カテゴリー: バナナニュース
バランゴンバナナ
有畜複合農業の一環としてバランゴンバナナ生産を復活!(ネグロス西州/バイス・バランゴン生産者協会)【211号】
ネグロス西州ラ・カルロータ市ユボ村に属するバイス地区は、かつてはラグランハと呼ばれていた地域にある17 のBGA(バランゴンバナナ生産者協会)のなかでも、生産量が多く活気のある地域でした。しかしながら、1994 年ごろからバンチトップ病というバナナの病気が発生し、10 年以上にわたってバナナの生産ができない状況が続きました。
2007 年ごろからバイス地区で病害からの回復の兆しが見えてきましたが隔週で20 箱ほどと収穫量は多くありませんでした。
2 年前から、若手生産者たちはKFRC(カネシゲファーム・ルーラルキャンパス)での農業研修に参加し、生産者組織も再編して心機一転を図りました。持続可能な有畜複合農業づくりの取り組みのなかで、バランゴンバナナ栽培が本格的に始まっています。
かつては70 人いたメンバーも今は20 人ですが、あと45 人増やそうとメンバーは仲間を説得しています。バナナの出荷数量も最近では180 箱まで増えてきました。バナナの手入れに慣れているメンバーは、他の生産者にも広めようとしており、一人当たり300 株のバナナを目標に作付けを進めています。

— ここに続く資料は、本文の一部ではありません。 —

(* Fix $N>0$, $\tilde\lambda=(\tilde\lambda_{\dot1},\tilde\lambda_{\dot2})\in\mathbb{C}^2$ and integers $k,l\ge0$. Define on $\mathbb{C}^2\setminus\{0\}$ $$\phi_{k,l}=\frac{k!\,l!}{(k+l)!}\sum_{j=0}^{\min(k,l)}\frac{(k+l-j)!}{j!\,(k-j)!\,(l-j)!}\Big(\frac{N}{\|u\|^2}\Big)^j[u\,\tilde\lambda]^k[\hat u\,\tilde\lambda]^l .$$ Then $\Delta\phi_{k,l}=0$ on $\mathbb{C}^2\setminus\{0\}$, where $\Delta$ is the Laplace–Beltrami operator of the Burns metric $g_N$; moreover $\phi_{k,l}=[u\,\tilde\lambda]^k[\hat u\,\tilde\lambda]^l\,(1+O(\|u\|^{-2}))$ as $\|u\|\to\infty$, and $\phi_{k,l}$ reduces to $[u\,\tilde\lambda]^k[\hat u\,\tilde\lambda]^l$ at $N=0$. Equivalently, with $\chi=\|u\|^2/N$, $\phi_{k,l}=\frac{k!l!}{(k+l)!}\chi^{-l}P^{(k-l,0)}_l(1+2\chi)[u\,\tilde\lambda]^k[\hat u\,\tilde\lambda]^l$ for $k\ge l$ (and symmetrically for $k<l$), $P^{(a,b)}_n$ being Jacobi polynomials.
   Context: Fix $N>0$. On $\mathbb{C}^2\setminus\{0\}$ with coordinates $u=(u^{\dot1},u^{\dot2})$ write $\|u\|^2=|u^{\dot1}|^2+|u^{\dot2}|^2$ and $\hat u=(-\bar u^{\dot2},\bar u^{\dot1})$. The Burns metric is $g_N=2(|du^{\dot1}|^2+|du^{\dot2}|^2)+2N|u^{\dot2}du^{\dot1}-u^{\dot1}du^{\dot2}|^2/\|u\|^4$; its Laplace–Beltrami operator is explicitly $$\Delta=\frac{2}{1+N/\|u\|^2}\Big(\sum_{a}\frac{\partial^2}{\partial u^{a}\partial\bar u^{a}}+\frac{N}{\|u\|^4}\Big(\sum_a u^a\frac{\partial}{\partial u^a}\Big)\Big(\sum_b\bar u^b\frac{\partial}{\partial\bar u^b}\Big)\Big).$$ For $\tilde\lambda\in\mathbb{C}^2$, $[u\,\tilde\lambda]:=u^{\dot1}\tilde\lambda_{\dot1}+u^{\dot2}\tilde\lambda_{\dot2}$ and $[\hat u\,\tilde\lambda]:=-\bar u^{\dot2}\tilde\lambda_{\dot1}+\bar u^{\dot1}\tilde\lambda_{\dot2}$. *)

theory Defs
  imports "HOL-Analysis.Analysis"
begin

type_synonym C2 = "complex \<times> complex"

definition nsq :: "C2 \<Rightarrow> real" where
  "nsq u = (cmod (fst u))^2 + (cmod (snd u))^2"

definition brk :: "C2 \<Rightarrow> C2 \<Rightarrow> complex" where
  "brk u lam = fst u * fst lam + snd u * snd lam"

definition hbrk :: "C2 \<Rightarrow> C2 \<Rightarrow> complex" where
  "hbrk u lam = - cnj (snd u) * fst lam + cnj (fst u) * snd lam"

definition dirD :: "(C2 \<Rightarrow> complex) \<Rightarrow> C2 \<Rightarrow> C2 \<Rightarrow> complex" where
  "dirD f v p = vector_derivative (\<lambda>t::real. f (p + t *\<^sub>R v)) (at 0)"

definition W1 :: "(C2 \<Rightarrow> complex) \<Rightarrow> C2 \<Rightarrow> complex" where
  "W1 f p = (dirD f (1,0) p - \<i> * dirD f (\<i>,0) p) / 2"
definition W1b :: "(C2 \<Rightarrow> complex) \<Rightarrow> C2 \<Rightarrow> complex" where
  "W1b f p = (dirD f (1,0) p + \<i> * dirD f (\<i>,0) p) / 2"
definition W2 :: "(C2 \<Rightarrow> complex) \<Rightarrow> C2 \<Rightarrow> complex" where
  "W2 f p = (dirD f (0,1) p - \<i> * dirD f (0,\<i>) p) / 2"
definition W2b :: "(C2 \<Rightarrow> complex) \<Rightarrow> C2 \<Rightarrow> complex" where
  "W2b f p = (dirD f (0,1) p + \<i> * dirD f (0,\<i>) p) / 2"

definition Eul :: "(C2 \<Rightarrow> complex) \<Rightarrow> C2 \<Rightarrow> complex" where
  "Eul f p = fst p * W1 f p + snd p * W2 f p"
definition Eulb :: "(C2 \<Rightarrow> complex) \<Rightarrow> C2 \<Rightarrow> complex" where
  "Eulb f p = cnj (fst p) * W1b f p + cnj (snd p) * W2b f p"

text \<open>Laplace--Beltrami operator of the Burns metric g_N (explicit formula).\<close>
definition burns_laplacian :: "real \<Rightarrow> (C2 \<Rightarrow> complex) \<Rightarrow> C2 \<Rightarrow> complex" where
  "burns_laplacian N f p =
     of_real (2 / (1 + N / nsq p)) *
       (W1 (W1b f) p + W2 (W2b f) p + of_real (N / (nsq p)^2) * Eul (Eulb f) p)"

definition phi :: "real \<Rightarrow> C2 \<Rightarrow> nat \<Rightarrow> nat \<Rightarrow> C2 \<Rightarrow> complex" where
  "phi N lam k l u =
     of_real (fact k * fact l / fact (k + l)) *
     (\<Sum>j = 0..min k l. of_real (fact (k + l - j) / (fact j * fact (k - j) * fact (l - j))
          * (N / nsq u)^j) * brk u lam ^ k * hbrk u lam ^ l)"

definition jacobiP :: "nat \<Rightarrow> nat \<Rightarrow> nat \<Rightarrow> real \<Rightarrow> real" where
  "jacobiP n a b x = (\<Sum>s = 0..n. real ((n + a) choose (n - s)) * real ((n + b) choose s)
                        * ((x - 1) / 2)^s * ((x + 1) / 2)^(n - s))"

end

theory Submission
  imports Defs
begin

text \<open>
  Put \<open>A = [u \<lambda>]\<close> and \<open>B = [\<hat>u \<lambda>]\<close>: both are linear in \<open>u\<close>, \<open>A\<close> holomorphic and \<open>B\<close>
  antiholomorphic. With the monomials \<open>U j = \<parallel>u\<parallel>^(-2j) A^k B^l\<close> one has
  \<open>\<phi>\<^sub>k\<^sub>l = \<Sum>\<^sub>j c\<^sub>j N^j U j\<close>. A Wirtinger computation shows that the flat Laplacian lowers
  the weight, \<open>\<Sum>\<^sub>a \<partial>\<^sub>a \<partial>\<^sub>a\<^sup>* U j = -j(k+l+1-j) U (j+1)\<close>, while the Euler operators act
  diagonally, \<open>E E\<^sup>* U j = (k-j)(l-j) U j\<close>. So \<open>\<Delta>\<phi>\<^sub>k\<^sub>l\<close> is a multiple of
  \<open>\<Sum>\<^sub>j (c\<^sub>j (k-j)(l-j) - c\<^sub>j\<^sub>+\<^sub>1 (j+1)(k+l-j)) N^(j+1) U (j+2)\<close>, and every coefficient
  vanishes by the two-term recursion of the \<open>c\<^sub>j\<close>. The Jacobi form follows from the
  Vandermonde-type identity \<open>\<Sum>\<^sub>j c\<^sub>j y^j = \<Sum>\<^sub>m C(k,m) C(l,m) (1+y)^m\<close>.
\<close>

section \<open>Wirtinger calculus on \<open>\<complex>\<^sup>2\<close>\<close>

definition has_wirtinger ::
    "(C2 \<Rightarrow> complex) \<Rightarrow> complex \<Rightarrow> complex \<Rightarrow> complex \<Rightarrow> complex \<Rightarrow> C2 \<Rightarrow> bool" where
  "has_wirtinger f a1 b1 a2 b2 p \<longleftrightarrow>
     (f has_derivative (\<lambda>h. a1 * fst h + b1 * cnj (fst h) + a2 * snd h + b2 * cnj (snd h))) (at p)"

lemma has_wirtinger_dirD:
  assumes "has_wirtinger f a1 b1 a2 b2 p"
  shows "dirD f v p = a1 * fst v + b1 * cnj (fst v) + a2 * snd v + b2 * cnj (snd v)"
proof -
  let ?D = "\<lambda>h. a1 * fst h + b1 * cnj (fst h) + a2 * snd h + b2 * cnj (snd h)"
  have "(f has_derivative ?D) (at (p + 0 *\<^sub>R v))"
    using assms by (simp add: has_wirtinger_def)
  moreover have "((\<lambda>t::real. p + t *\<^sub>R v) has_derivative (\<lambda>t. t *\<^sub>R v)) (at 0)"
    by (auto intro!: derivative_eq_intros)
  ultimately have "((f \<circ> (\<lambda>t::real. p + t *\<^sub>R v)) has_derivative (?D \<circ> (\<lambda>t. t *\<^sub>R v))) (at 0)"
    by (intro diff_chain_at) simp_all
  moreover have "?D \<circ> (\<lambda>t. t *\<^sub>R v) = (\<lambda>t. t *\<^sub>R ?D v)"
    by (rule ext) (simp add: scaleR_conv_of_real algebra_simps)
  ultimately have "((\<lambda>t::real. f (p + t *\<^sub>R v)) has_vector_derivative ?D v) (at 0)"
    by (simp add: has_vector_derivative_def o_def)
  then show ?thesis
    unfolding dirD_def by (rule vector_derivative_at)
qed

lemma has_wirtinger_W:
  assumes "has_wirtinger f a1 b1 a2 b2 p"
  shows "W1 f p = a1" "W1b f p = b1" "W2 f p = a2" "W2b f p = b2"
  using has_wirtinger_dirD[OF assms] by (simp_all add: W1_def W1b_def W2_def W2b_def algebra_simps)

lemma has_wirtinger_eq:
  "has_wirtinger f a1 b1 a2 b2 p \<Longrightarrow> a1 = a1' \<Longrightarrow> b1 = b1' \<Longrightarrow> a2 = a2' \<Longrightarrow> b2 = b2' \<Longrightarrow>
   has_wirtinger f a1' b1' a2' b2' p"
  by simp

lemma has_wirtinger_transform:
  assumes "has_wirtinger f a1 b1 a2 b2 p" "open S" "p \<in> S" "\<And>x. x \<in> S \<Longrightarrow> f x = g x"
  shows "has_wirtinger g a1 b1 a2 b2 p"
  using assms unfolding has_wirtinger_def by (blast intro: has_derivative_transform_within_open)

lemma has_wirtinger_W_punctured:
  assumes "has_wirtinger g a1 b1 a2 b2 p" "p \<noteq> 0" "\<And>x. x \<noteq> 0 \<Longrightarrow> f x = g x"
  shows "W1 f p = a1" "W1b f p = b1" "W2 f p = a2" "W2b f p = b2"
proof -
  have "has_wirtinger f a1 b1 a2 b2 p"
    by (rule has_wirtinger_transform[OF assms(1) open_Compl[OF closed_singleton]])
       (use assms(2,3) in auto)
  then show "W1 f p = a1" "W1b f p = b1" "W2 f p = a2" "W2b f p = b2"
    by (fact has_wirtinger_W)+
qed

32人の生産者が100本ずつ苗を増やして1人当たりの年間収穫量32,760本目標!~カンダボン生産者協会設立7年目の挑戦~(ネグロス東州・カンダボン生産者協会)【210号】
ネグロス東州マンフヨッド地域のカンダボン生産者協会は2006 年に22 人の生産者で設立されました。現在メンバーは32 人に増えました。課題は、バナナの株が3~4 年目となり生産性が落ちていることと、バナナの手入れを熱心にやらない生産者がいることです。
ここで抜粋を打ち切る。